Why are you using HD Retrovision cables instead of a regular RGB cable? It probably looks fine but you're converting RGB to component then back to RGB, which isn't going to give you quite the image that a cheaper RGB cable would.
Easy: Because I don’t have anything else that uses RGB SCART and likely never will. As far as I can tell it’s converted directly to digital for DVI/HDMI without being converted back to RGB.
I have a potential fallback when a particular display does not like the OSSC output. Also, two cables for all my consoles as opposed to having to get quality cables for all my consoles and concern myself with how they are built. I don’t have to worry about whether a particular cable has components at the console side, components at the SCART end, requires components not even present at all, shielding, what type of sync, whether sync needs the be attenuated/cleaned/regenerated/boosted/etc).
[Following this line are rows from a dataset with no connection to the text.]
locale triangular_map =
  fixes S :: "'a set" and len :: "'a \<Rightarrow> nat" and D :: "'a \<Rightarrow> 'v::ab_group_add \<Rightarrow> 'v"
    and T :: "('a \<Rightarrow> 'v) \<Rightarrow> 'a \<Rightarrow> 'v"
  assumes finite: "finite S"
    and diff: "T (f - g) = T f - T g"
    and closed: "f \<in> supported S \<Longrightarrow> T f \<in> supported S"
    and diagonal: "f \<in> supported S \<Longrightarrow> v \<in> S \<Longrightarrow> \<forall>u\<in>S. f u \<noteq> 0 \<longrightarrow> len u \<le> len v
                 \<Longrightarrow> T f v = D v (f v)"
    and D_bij: "v \<in> S \<Longrightarrow> bij (D v)"
begin

lemma T_zero: "T (\<lambda>_. 0) = (\<lambda>_. 0)"
  using diff[of "\<lambda>_. 0" "\<lambda>_. 0"] by (simp add: fun_diff_def)

lemma D_zero: "v \<in> S \<Longrightarrow> D v 0 = 0"
  using diagonal[of "\<lambda>_. 0" v] T_zero by (simp add: supported_def)

lemma len_less_Suc_Max: "v \<in> S \<Longrightarrow> len v < Suc (Max (len ` S))"
  using finite by (simp add: le_imp_less_Suc)

lemma inj_on_supported: "inj_on T (supported S)"
proof (rule inj_onI)
  fix f g assume f: "f \<in> supported S" and g: "g \<in> supported S" and "T f = T g"
  then have T_diff_zero: "T (f - g) = (\<lambda>_. 0)" by (simp add: diff fun_eq_iff)
  have h: "f - g \<in> supported S" using f g by (simp add: supported_def)
  show "f = g"
  proof (rule ccontr)
    assume "f \<noteq> g"
    then obtain u where "u \<in> S \<and> (f - g) u \<noteq> 0" using h by (auto simp: supported_def fun_eq_iff)
    then obtain w where w: "w \<in> S \<and> (f - g) w \<noteq> 0"
        and top: "\<forall>u. u \<in> S \<and> (f - g) u \<noteq> 0 \<longrightarrow> len u \<le> len w"
      using ex_has_greatest_nat[of "\<lambda>u. u \<in> S \<and> (f - g) u \<noteq> 0" u len] len_less_Suc_Max
      by blast
    have "D w ((f - g) w) = D w 0"
      using diagonal[OF h, of w] w top T_diff_zero D_zero by auto
    then show False using w D_bij[of w] by (simp add: bij_is_inj inj_eq)
  qed
qed

lemma image_if_len_less:
  assumes "G \<in> supported S" and "\<forall>v. G v \<noteq> 0 \<longrightarrow> len v < n"
  shows "G \<in> T ` supported S"
  using assms
proof (induction n arbitrary: G)
  case 0
  then have "G = T (\<lambda>_. 0)" by (auto simp: T_zero)
  then show ?case by (simp add: supported_def)
next
  case (Suc n)
  \<comment> \<open>Solve for the components of length n on the diagonal, then recurse on the rest.\<close>
  define f where "f w = (if w \<in> S \<and> len w = n then inv (D w) (G w) else 0)" for w
  have f: "f \<in> supported S" by (simp add: f_def supported_def)
  have rest: "G - T f \<in> supported S" using Suc.prems(1) closed[OF f] by (simp add: supported_def)
  have "(G - T f) v = 0" if "n \<le> len v" for v
  proof (cases "v \<in> S")
    case True
    then have "T f v = D v (f v)" using diagonal[OF f] that by (auto simp: f_def)
    then show ?thesis
      using True that Suc.prems(2) D_bij[of v] D_zero
      by (cases "len v = n") (auto simp: f_def bij_is_surj surj_f_inv_f)
  qed (use rest in \<open>auto simp: supported_def\<close>)
  then have "\<forall>v. (G - T f) v \<noteq> 0 \<longrightarrow> len v < n" by (meson not_le)
  then obtain f' where f': "f' \<in> supported S" "G - T f = T f'" using Suc.IH[OF rest] by blast
  define g where "g x = f x + f' x" for x
  have "g - f = f'" by (simp add: g_def fun_eq_iff)
  then have "T f' = T g - T f" by (metis diff)
  then have "T g = G" using f'(2) by (simp add: fun_eq_iff)
  moreover have "g \<in> supported S" using f f'(1) by (simp add: supported_def g_def)
  ultimately show ?case by blast
qed

lemma bij_betw_supported: "bij_betw T (supported S) (supported S)"
proof -
  have "supported S \<subseteq> T ` supported S"
  proof
    fix G :: "'a \<Rightarrow> 'v" assume G: "G \<in> supported S"
    then have "\<forall>v. G v \<noteq> 0 \<longrightarrow> len v < Suc (Max (len ` S))"
      using len_less_Suc_Max by (force simp: supported_def)
    with G show "G \<in> T ` supported S" by (rule image_if_len_less)
  qed
  with inj_on_supported closed show ?thesis by (auto simp: bij_betw_def)
qed

end

locale ground_data =
  fixes scale :: "'k::comm_ring_1 \<Rightarrow> 'v::ab_group_add \<Rightarrow> 'v"
    and d :: nat and cS cR :: 'k
    and sig rho :: "nat \<Rightarrow> 'v \<Rightarrow> 'v"
  assumes module: "module scale"
    and hom: "\<forall>i\<in>{1..d-1}. module_hom scale scale (sig i) \<and> module_hom scale scale (rho i)"
begin

abbreviation "LS \<equiv> Lstep d scale cS cR sig rho"
abbreviation "TW \<equiv> tau_word d scale cS cR sig rho"
abbreviation "len \<equiv> perm_len d"

lemma sig_zero: "i \<in> {1..d-1} \<Longrightarrow> sig i 0 = 0"
  and rho_zero: "i \<in> {1..d-1} \<Longrightarrow> rho i 0 = 0"
  and sig_diff: "i \<in> {1..d-1} \<Longrightarrow> sig i (x - y) = sig i x - sig i y"
  and rho_diff: "i \<in> {1..d-1} \<Longrightarrow> rho i (x - y) = rho i x - rho i y"
  using hom module_hom.zero module_hom.diff by blast+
For 240p, component and RGB are equivalent. The “conversion” is entirely passive. Quality is no worse than using an encoder/amp to correct non-standard RGB, and most of these consoles do not conform to proper RGB SCART standards at the console’s output. The signal barely gets to go a few inches is no real-world difference versus the console’s original encoder, like the S-ENC chip in an original SHVC SNES/Super Famicom (supports composite, S-video, RGB, and YPbPr).
If my OSSC weren’t an option for a particular display I can still go out and buy a TV today that works with HD Retrovision. The same can’t be said for RGB SCART. Best Buy doesn’t carry old RGB SCART-capable PVMs and I’ve yet to see one show up on Craigslist... ever.
Edit: Don’t need an expensive gSCART switch either. Not only do I already have component switches, but HD Retrovision cables are designed to function correctly when connected together with Y cables. Also, component has MUC more bandwidth than RGBS despite having one fewer cable. That’s why it supports 480p and HD resolutions. The extra bandwidth comes from no longer duplicating the luminance over all three color signals and from determining the third color channel algorithmically from the other two.
For 240p/480i, results are identical, but for 480p and up component is > RGB. For utility on regions without RGB SCART, component > RGB.